AIM OF THE EXERCISE — What follows is a set of records, each of which is to be written out exactly.

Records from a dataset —

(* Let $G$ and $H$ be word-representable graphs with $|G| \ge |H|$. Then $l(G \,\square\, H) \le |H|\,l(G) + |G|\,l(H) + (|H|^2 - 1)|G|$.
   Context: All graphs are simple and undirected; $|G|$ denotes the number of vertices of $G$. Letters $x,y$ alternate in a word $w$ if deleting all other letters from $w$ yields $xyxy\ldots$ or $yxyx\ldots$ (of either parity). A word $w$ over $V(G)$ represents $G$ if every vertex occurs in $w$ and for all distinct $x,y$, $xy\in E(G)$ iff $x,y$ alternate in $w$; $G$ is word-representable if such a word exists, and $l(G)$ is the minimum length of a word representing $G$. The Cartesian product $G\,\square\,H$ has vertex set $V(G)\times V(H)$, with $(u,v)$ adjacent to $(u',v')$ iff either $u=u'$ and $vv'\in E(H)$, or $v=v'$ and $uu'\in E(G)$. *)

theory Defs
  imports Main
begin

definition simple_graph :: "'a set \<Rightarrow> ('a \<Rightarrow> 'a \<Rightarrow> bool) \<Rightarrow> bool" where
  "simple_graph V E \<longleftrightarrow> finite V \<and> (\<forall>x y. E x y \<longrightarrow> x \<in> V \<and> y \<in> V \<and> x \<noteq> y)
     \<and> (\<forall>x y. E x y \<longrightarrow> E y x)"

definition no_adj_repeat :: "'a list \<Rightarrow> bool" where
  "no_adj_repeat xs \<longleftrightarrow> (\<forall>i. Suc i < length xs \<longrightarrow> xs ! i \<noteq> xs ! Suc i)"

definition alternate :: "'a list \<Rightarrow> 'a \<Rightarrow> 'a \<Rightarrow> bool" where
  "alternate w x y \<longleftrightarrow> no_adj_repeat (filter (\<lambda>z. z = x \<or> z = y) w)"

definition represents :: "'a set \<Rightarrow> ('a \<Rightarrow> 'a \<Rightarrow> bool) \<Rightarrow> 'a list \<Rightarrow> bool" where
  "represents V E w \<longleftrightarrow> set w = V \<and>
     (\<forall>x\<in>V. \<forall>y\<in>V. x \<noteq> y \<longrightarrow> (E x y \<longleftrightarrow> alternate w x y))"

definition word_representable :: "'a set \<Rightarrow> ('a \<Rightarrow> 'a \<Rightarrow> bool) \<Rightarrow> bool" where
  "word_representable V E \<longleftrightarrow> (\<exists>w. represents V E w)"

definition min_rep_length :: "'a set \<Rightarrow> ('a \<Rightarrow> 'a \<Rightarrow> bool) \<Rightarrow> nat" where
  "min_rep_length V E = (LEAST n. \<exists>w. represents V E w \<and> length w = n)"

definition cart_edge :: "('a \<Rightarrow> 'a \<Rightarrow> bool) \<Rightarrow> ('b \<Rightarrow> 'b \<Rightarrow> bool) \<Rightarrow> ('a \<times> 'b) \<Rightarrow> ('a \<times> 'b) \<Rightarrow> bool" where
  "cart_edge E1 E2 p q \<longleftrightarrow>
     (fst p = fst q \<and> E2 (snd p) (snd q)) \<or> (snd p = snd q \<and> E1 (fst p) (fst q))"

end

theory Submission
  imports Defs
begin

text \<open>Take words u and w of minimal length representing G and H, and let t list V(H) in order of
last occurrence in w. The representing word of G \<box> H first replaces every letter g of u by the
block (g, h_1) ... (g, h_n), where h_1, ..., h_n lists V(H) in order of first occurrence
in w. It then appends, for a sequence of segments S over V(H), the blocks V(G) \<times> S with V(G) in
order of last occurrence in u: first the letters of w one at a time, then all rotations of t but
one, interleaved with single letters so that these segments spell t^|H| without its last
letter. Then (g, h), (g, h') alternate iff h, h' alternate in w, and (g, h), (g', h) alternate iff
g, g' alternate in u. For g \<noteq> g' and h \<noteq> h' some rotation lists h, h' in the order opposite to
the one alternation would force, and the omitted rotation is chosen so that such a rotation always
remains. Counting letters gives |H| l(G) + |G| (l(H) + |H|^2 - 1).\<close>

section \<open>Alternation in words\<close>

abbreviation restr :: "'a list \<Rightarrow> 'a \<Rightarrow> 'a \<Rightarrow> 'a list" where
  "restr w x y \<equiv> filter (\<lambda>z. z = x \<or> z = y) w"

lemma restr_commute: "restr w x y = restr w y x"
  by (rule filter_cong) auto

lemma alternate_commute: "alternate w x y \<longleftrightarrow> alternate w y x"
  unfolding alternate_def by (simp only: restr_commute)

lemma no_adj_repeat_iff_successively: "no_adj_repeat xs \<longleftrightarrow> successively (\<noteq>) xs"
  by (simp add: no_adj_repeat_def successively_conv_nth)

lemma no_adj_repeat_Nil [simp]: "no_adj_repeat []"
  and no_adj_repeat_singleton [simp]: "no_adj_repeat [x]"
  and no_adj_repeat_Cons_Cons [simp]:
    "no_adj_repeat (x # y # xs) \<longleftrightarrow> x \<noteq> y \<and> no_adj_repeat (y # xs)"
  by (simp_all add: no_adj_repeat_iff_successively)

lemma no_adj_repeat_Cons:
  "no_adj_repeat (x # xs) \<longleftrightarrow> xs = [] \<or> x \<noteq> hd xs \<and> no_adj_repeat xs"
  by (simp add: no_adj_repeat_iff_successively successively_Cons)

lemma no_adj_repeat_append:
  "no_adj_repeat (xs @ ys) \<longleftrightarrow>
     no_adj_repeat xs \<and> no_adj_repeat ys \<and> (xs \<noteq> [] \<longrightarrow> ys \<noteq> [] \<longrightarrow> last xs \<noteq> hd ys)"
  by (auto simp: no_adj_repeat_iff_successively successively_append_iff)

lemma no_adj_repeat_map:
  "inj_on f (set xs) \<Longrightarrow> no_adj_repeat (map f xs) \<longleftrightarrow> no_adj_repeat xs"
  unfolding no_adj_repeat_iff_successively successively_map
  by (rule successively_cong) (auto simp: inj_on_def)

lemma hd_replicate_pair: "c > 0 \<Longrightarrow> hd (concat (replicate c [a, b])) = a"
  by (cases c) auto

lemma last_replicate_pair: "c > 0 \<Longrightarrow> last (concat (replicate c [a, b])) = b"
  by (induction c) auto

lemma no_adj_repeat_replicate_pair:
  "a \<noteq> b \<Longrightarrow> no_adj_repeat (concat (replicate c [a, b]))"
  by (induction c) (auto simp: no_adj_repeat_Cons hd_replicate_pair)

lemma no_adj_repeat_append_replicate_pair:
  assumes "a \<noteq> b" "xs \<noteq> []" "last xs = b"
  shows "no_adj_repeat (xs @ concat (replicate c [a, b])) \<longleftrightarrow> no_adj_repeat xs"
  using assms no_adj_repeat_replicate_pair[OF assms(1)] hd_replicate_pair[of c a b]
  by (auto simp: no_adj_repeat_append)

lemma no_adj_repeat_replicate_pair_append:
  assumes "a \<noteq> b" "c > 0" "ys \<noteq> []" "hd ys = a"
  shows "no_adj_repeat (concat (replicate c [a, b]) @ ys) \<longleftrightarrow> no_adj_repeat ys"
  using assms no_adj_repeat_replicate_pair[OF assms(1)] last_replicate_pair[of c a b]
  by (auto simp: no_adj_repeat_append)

FINISHED TASK —
(* Let $G$ and $H$ be word-representable graphs with $|G| \ge |H|$. Then $l(G \,\square\, H) \le |H|\,l(G) + |G|\,l(H) + (|H|^2 - 1)|G|$.
   Context: All graphs are simple and undirected; $|G|$ denotes the number of vertices of $G$. Letters $x,y$ alternate in a word $w$ if deleting all other letters from $w$ yields $xyxy\ldots$ or $yxyx\ldots$ (of either parity). A word $w$ over $V(G)$ represents $G$ if every vertex occurs in $w$ and for all distinct $x,y$, $xy\in E(G)$ iff $x,y$ alternate in $w$; $G$ is word-representable if such a word exists, and $l(G)$ is the minimum length of a word representing $G$. The Cartesian product $G\,\square\,H$ has vertex set $V(G)\times V(H)$, with $(u,v)$ adjacent to $(u',v')$ iff either $u=u'$ and $vv'\in E(H)$, or $v=v'$ and $uu'\in E(G)$. *)

theory Defs
  imports Main
begin

definition simple_graph :: "'a set \<Rightarrow> ('a \<Rightarrow> 'a \<Rightarrow> bool) \<Rightarrow> bool" where
  "simple_graph V E \<longleftrightarrow> finite V \<and> (\<forall>x y. E x y \<longrightarrow> x \<in> V \<and> y \<in> V \<and> x \<noteq> y)
     \<and> (\<forall>x y. E x y \<longrightarrow> E y x)"

definition no_adj_repeat :: "'a list \<Rightarrow> bool" where
  "no_adj_repeat xs \<longleftrightarrow> (\<forall>i. Suc i < length xs \<longrightarrow> xs ! i \<noteq> xs ! Suc i)"

definition alternate :: "'a list \<Rightarrow> 'a \<Rightarrow> 'a \<Rightarrow> bool" where
  "alternate w x y \<longleftrightarrow> no_adj_repeat (filter (\<lambda>z. z = x \<or> z = y) w)"

definition represents :: "'a set \<Rightarrow> ('a \<Rightarrow> 'a \<Rightarrow> bool) \<Rightarrow> 'a list \<Rightarrow> bool" where
  "represents V E w \<longleftrightarrow> set w = V \<and>
     (\<forall>x\<in>V. \<forall>y\<in>V. x \<noteq> y \<longrightarrow> (E x y \<longleftrightarrow> alternate w x y))"

definition word_representable :: "'a set \<Rightarrow> ('a \<Rightarrow> 'a \<Rightarrow> bool) \<Rightarrow> bool" where
  "word_representable V E \<longleftrightarrow> (\<exists>w. represents V E w)"

definition min_rep_length :: "'a set \<Rightarrow> ('a \<Rightarrow> 'a \<Rightarrow> bool) \<Rightarrow> nat" where
  "min_rep_length V E = (LEAST n. \<exists>w. represents V E w \<and> length w = n)"

definition cart_edge :: "('a \<Rightarrow> 'a \<Rightarrow> bool) \<Rightarrow> ('b \<Rightarrow> 'b \<Rightarrow> bool) \<Rightarrow> ('a \<times> 'b) \<Rightarrow> ('a \<times> 'b) \<Rightarrow> bool" where
  "cart_edge E1 E2 p q \<longleftrightarrow>
     (fst p = fst q \<and> E2 (snd p) (snd q)) \<or> (snd p = snd q \<and> E1 (fst p) (fst q))"

end

theory Submission
  imports Defs
begin

text \<open>Take words u and w of minimal length representing G and H, and let t list V(H) in order of
last occurrence in w. The representing word of G \<box> H first replaces every letter g of u by the
block (g, h_1) ... (g, h_n), where h_1, ..., h_n lists V(H) in order of first occurrence
in w. It then appends, for a sequence of segments S over V(H), the blocks V(G) \<times> S with V(G) in
order of last occurrence in u: first the letters of w one at a time, then all rotations of t but
one, interleaved with single letters so that these segments spell t^|H| without its last
letter. Then (g, h), (g, h') alternate iff h, h' alternate in w, and (g, h), (g', h) alternate iff
g, g' alternate in u. For g \<noteq> g' and h \<noteq> h' some rotation lists h, h' in the order opposite to
the one alternation would force, and the omitted rotation is chosen so that such a rotation always
remains. Counting letters gives |H| l(G) + |G| (l(H) + |H|^2 - 1).\<close>

section \<open>Alternation in words\<close>

abbreviation restr :: "'a list \<Rightarrow> 'a \<Rightarrow> 'a \<Rightarrow> 'a list" where
  "restr w x y \<equiv> filter (\<lambda>z. z = x \<or> z = y) w"

lemma restr_commute: "restr w x y = restr w y x"
  by (rule filter_cong) auto

lemma alternate_commute: "alternate w x y \<longleftrightarrow> alternate w y x"
  unfolding alternate_def by (simp only: restr_commute)

lemma no_adj_repeat_iff_successively: "no_adj_repeat xs \<longleftrightarrow> successively (\<noteq>) xs"
  by (simp add: no_adj_repeat_def successively_conv_nth)

lemma no_adj_repeat_Nil [simp]: "no_adj_repeat []"
  and no_adj_repeat_singleton [simp]: "no_adj_repeat [x]"
  and no_adj_repeat_Cons_Cons [simp]:
    "no_adj_repeat (x # y # xs) \<longleftrightarrow> x \<noteq> y \<and> no_adj_repeat (y # xs)"
  by (simp_all add: no_adj_repeat_iff_successively)

lemma no_adj_repeat_Cons:
  "no_adj_repeat (x # xs) \<longleftrightarrow> xs = [] \<or> x \<noteq> hd xs \<and> no_adj_repeat xs"
  by (simp add: no_adj_repeat_iff_successively successively_Cons)

lemma no_adj_repeat_append:
  "no_adj_repeat (xs @ ys) \<longleftrightarrow>
     no_adj_repeat xs \<and> no_adj_repeat ys \<and> (xs \<noteq> [] \<longrightarrow> ys \<noteq> [] \<longrightarrow> last xs \<noteq> hd ys)"
  by (auto simp: no_adj_repeat_iff_successively successively_append_iff)

lemma no_adj_repeat_map:
  "inj_on f (set xs) \<Longrightarrow> no_adj_repeat (map f xs) \<longleftrightarrow> no_adj_repeat xs"
  unfolding no_adj_repeat_iff_successively successively_map
  by (rule successively_cong) (auto simp: inj_on_def)

lemma hd_replicate_pair: "c > 0 \<Longrightarrow> hd (concat (replicate c [a, b])) = a"
  by (cases c) auto

lemma last_replicate_pair: "c > 0 \<Longrightarrow> last (concat (replicate c [a, b])) = b"
  by (induction c) auto

lemma no_adj_repeat_replicate_pair:
  "a \<noteq> b \<Longrightarrow> no_adj_repeat (concat (replicate c [a, b]))"
  by (induction c) (auto simp: no_adj_repeat_Cons hd_replicate_pair)

lemma no_adj_repeat_append_replicate_pair:
  assumes "a \<noteq> b" "xs \<noteq> []" "last xs = b"
  shows "no_adj_repeat (xs @ concat (replicate c [a, b])) \<longleftrightarrow> no_adj_repeat xs"
  using assms no_adj_repeat_replicate_pair[OF assms(1)] hd_replicate_pair[of c a b]
  by (auto simp: no_adj_repeat_append)

lemma no_adj_repeat_replicate_pair_append:
  assumes "a \<noteq> b" "c > 0" "ys \<noteq> []" "hd ys = a"
  shows "no_adj_repeat (concat (replicate c [a, b]) @ ys) \<longleftrightarrow> no_adj_repeat ys"
  using assms no_adj_repeat_replicate_pair[OF assms(1)] last_replicate_pair[of c a b]
  by (auto simp: no_adj_repeat_append)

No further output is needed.